MEMORANDUM *
Alberto Villescas appeals the district court’s denial of his petition for a writ of habeas corpus. Villescas is currently serving a sentence of 26 years to life in a California correctional facility, following his conviction by a jury on two counts of illegal firearm possession. We review de novo the district court’s denial of the petition, see Beardslee v. Woodford, 358 F.3d 560, 568 (9th Cir.2004), and affirm.
Villescas urges that the state trial court denied him due process by excluding evidence that he had an ongoing and hostile relationship with one of the supervising officers of the Los Angeles Sheriffs Department, and by excluding evidence that the gun found at the time of his arrest was planted by deputies of the Los Angeles Sheriffs Department.
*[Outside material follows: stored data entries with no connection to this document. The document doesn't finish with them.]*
lemma (in imh) tv_dist_law_le_epsilon:
  fixes \<epsilon> :: real
  assumes \<epsilon>: "0 < \<epsilon>" "\<epsilon> < 1/40000"
    and moment: "(\<integral>\<^sup>+x. ennreal (w x powr (4 * ln (1 / \<epsilon>))) \<partial>\<mu>) \<le> ennreal (exp 1)"
  shows "\<exists>N::nat. real N \<le> 25 * ln (1 / \<epsilon>) \<and> tv_dist d (law N) \<pi> \<le> \<epsilon>"
proof -
  interpret imh_doeblin d \<mu> \<pi> "exp 1"
    by unfold_locales simp
  define L where "L = ln (1 / \<epsilon>)"
  have L: "1 \<le> L"
    using one_le_ln_inverse \<epsilon> by (simp add: L_def)
  have exp_L: "exp 1 powr (4 * L) = 1 / \<epsilon>^4"
    using \<epsilon> exp_of_nat_mult[of 4 L] by (simp add: powr_def L_def power_one_over)
  have "exp 1 powr (4 * L) * measure \<mu> bad_set \<le> exp 1"
    using L moment by (intro measure_\<mu>_bad_set_le) (auto simp: L_def)
  then have "measure \<mu> bad_set \<le> exp 1 * \<epsilon>^4"
    using \<epsilon> unfolding exp_L by (simp add: field_simps)
  moreover have "exp 1 * \<epsilon>^4 \<le> 3 * \<epsilon>^4"
    by (rule mult_right_mono[OF exp_le]) simp
  ultimately have \<mu>B: "measure \<mu> bad_set \<le> 3 * \<epsilon>^4"
    by linarith
  have "exp 1 powr (4 * L - 1) * measure \<pi> bad_set \<le> exp 1"
    using L moment by (intro measure_\<pi>_bad_set_le) (auto simp: L_def)
  then have "measure \<pi> bad_set \<le> exp 1 * exp 1 * \<epsilon>^4"
    using \<epsilon> unfolding powr_diff exp_L by (simp add: field_simps)
  moreover have "exp 1 * exp 1 * \<epsilon>^4 \<le> 9 * \<epsilon>^4"
    using mult_mono[OF exp_le exp_le] by (intro mult_right_mono) simp_all
  ultimately have \<pi>B: "measure \<pi> bad_set \<le> 9 * \<epsilon>^4"
    by linarith
  have "\<epsilon>^4 \<le> \<epsilon>"
    using power_decreasing[of 1 4 \<epsilon>] \<epsilon> by simp
  then have "1/12 \<le> (1 - measure \<pi> bad_set) / (2 * exp 1)"
    using \<pi>B \<epsilon> exp_le by (simp add: field_simps)
  then have \<beta>: "1/12 \<le> doeblin_mass" "doeblin_mass \<le> 1"
    using doeblin_mass_ge doeblin_mass_bounds(2) by linarith+
  obtain N where "real N \<le> 25 * L"
    and "(1 - doeblin_mass) ^ N + (real N + 1)^2 * (2 * (measure \<mu> bad_set + measure \<pi> bad_set)) \<le> \<epsilon>"
    using iteration_count_exists[OF \<epsilon> \<beta>, of "2 * (measure \<mu> bad_set + measure \<pi> bad_set)"] \<mu>B \<pi>B
    by (auto simp: L_def)
  then show ?thesis
    using tv_dist_law_le[of N] by (auto simp: L_def)
qed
On direct appeal, the California Court of Appeal held that the disputed evidence was properly excluded under California law because it was of marginal relevance, was potentially confusing to the jury and would have consumed undue time. The Court of Appeal ruled further that any error was harmless because Villescas was permitted to introduce evidence in support of his theory that the weapon in question was planted by officers of the Sheriffs Department. These challenged rulings do not conflict with well-settled principles of federal law. See, e.g., Montana v. Egelhoff, 518 U.S. 37, 42-43, 116 S.Ct. 2013, 135 L.Ed.2d 361 (1996) (due process rights are not offended by exclusion of relevant evidence where its probative value is out*614weighed by danger of prejudice or confusion). Habeas relief is therefore unavailable. 28 U.S.C. § 2254(d)(1); Lockyer v. Andrade, 538 U.S. 63, 73, 123 S.Ct. 1166, 155 L.Ed.2d 144 (2003) (quoting Williams v. Taylor, 529 U.S. 362, 405-06, 120 S.Ct. 1495, 146 L.Ed.2d 389 (2000)).
Moreover, trial type errors do not give rise to habeas relief unless the error alleged “had a substantial and injurious effect or influence in determining the jury’s verdict.” Brecht v. Abrahamson, 507 U.S. 619, 637, 113 S.Ct. 1710, 123 L.Ed.2d 353 (1993). Here, Villescas concedes that the evidence excluded by the court would have been cumulative, and would have merely bolstered identical testimony offered at trial, making it extremely unlikely that the court’s ruling had a “substantial and injurious effect or influence” on the jury’s verdict.
Villescas also contends that this exclusion of evidence, coupled with what Villescas calls a “disparaging” remark to counsel by the trial court, demonstrate that the trial court was not impartial. Nothing in the record supports the assertion.
Finally, Villescas contends that his attorney rendered ineffective assistance of counsel during trial. In particular, he notes that counsel failed to object on Miranda grounds when testimony was presented that Villescas stated, in response to questioning by Sheriffs deputies, that there was a gun under the mattress of the bed upon which he was sitting, while handcuffed, prior to his arrest. The officer’s statement and Villescas’s answer, however, fall within the public safety exception to the Miranda doctrine, see New York v. Quarles, 467 U.S. 649, 656, 104 S.Ct. 2626, 81 L.Ed.2d 550 (1984) (holding Miranda warning is not required where police officers ask questions “reasonably prompted by a concern for the public safety”). Counsel’s failure to object cannot form the basis for a claim of ineffective assistance of counsel. See Boag v. Raines, 769 F.2d 1341, 1344 (9th Cir.1985) (failure to raise unmerited objection is not ineffective assistance).
AFFIRMED.
This disposition is not appropriate for publication and may not be cited to or by the courts of this circuit except as provided by 9th Cir. R. 36-3.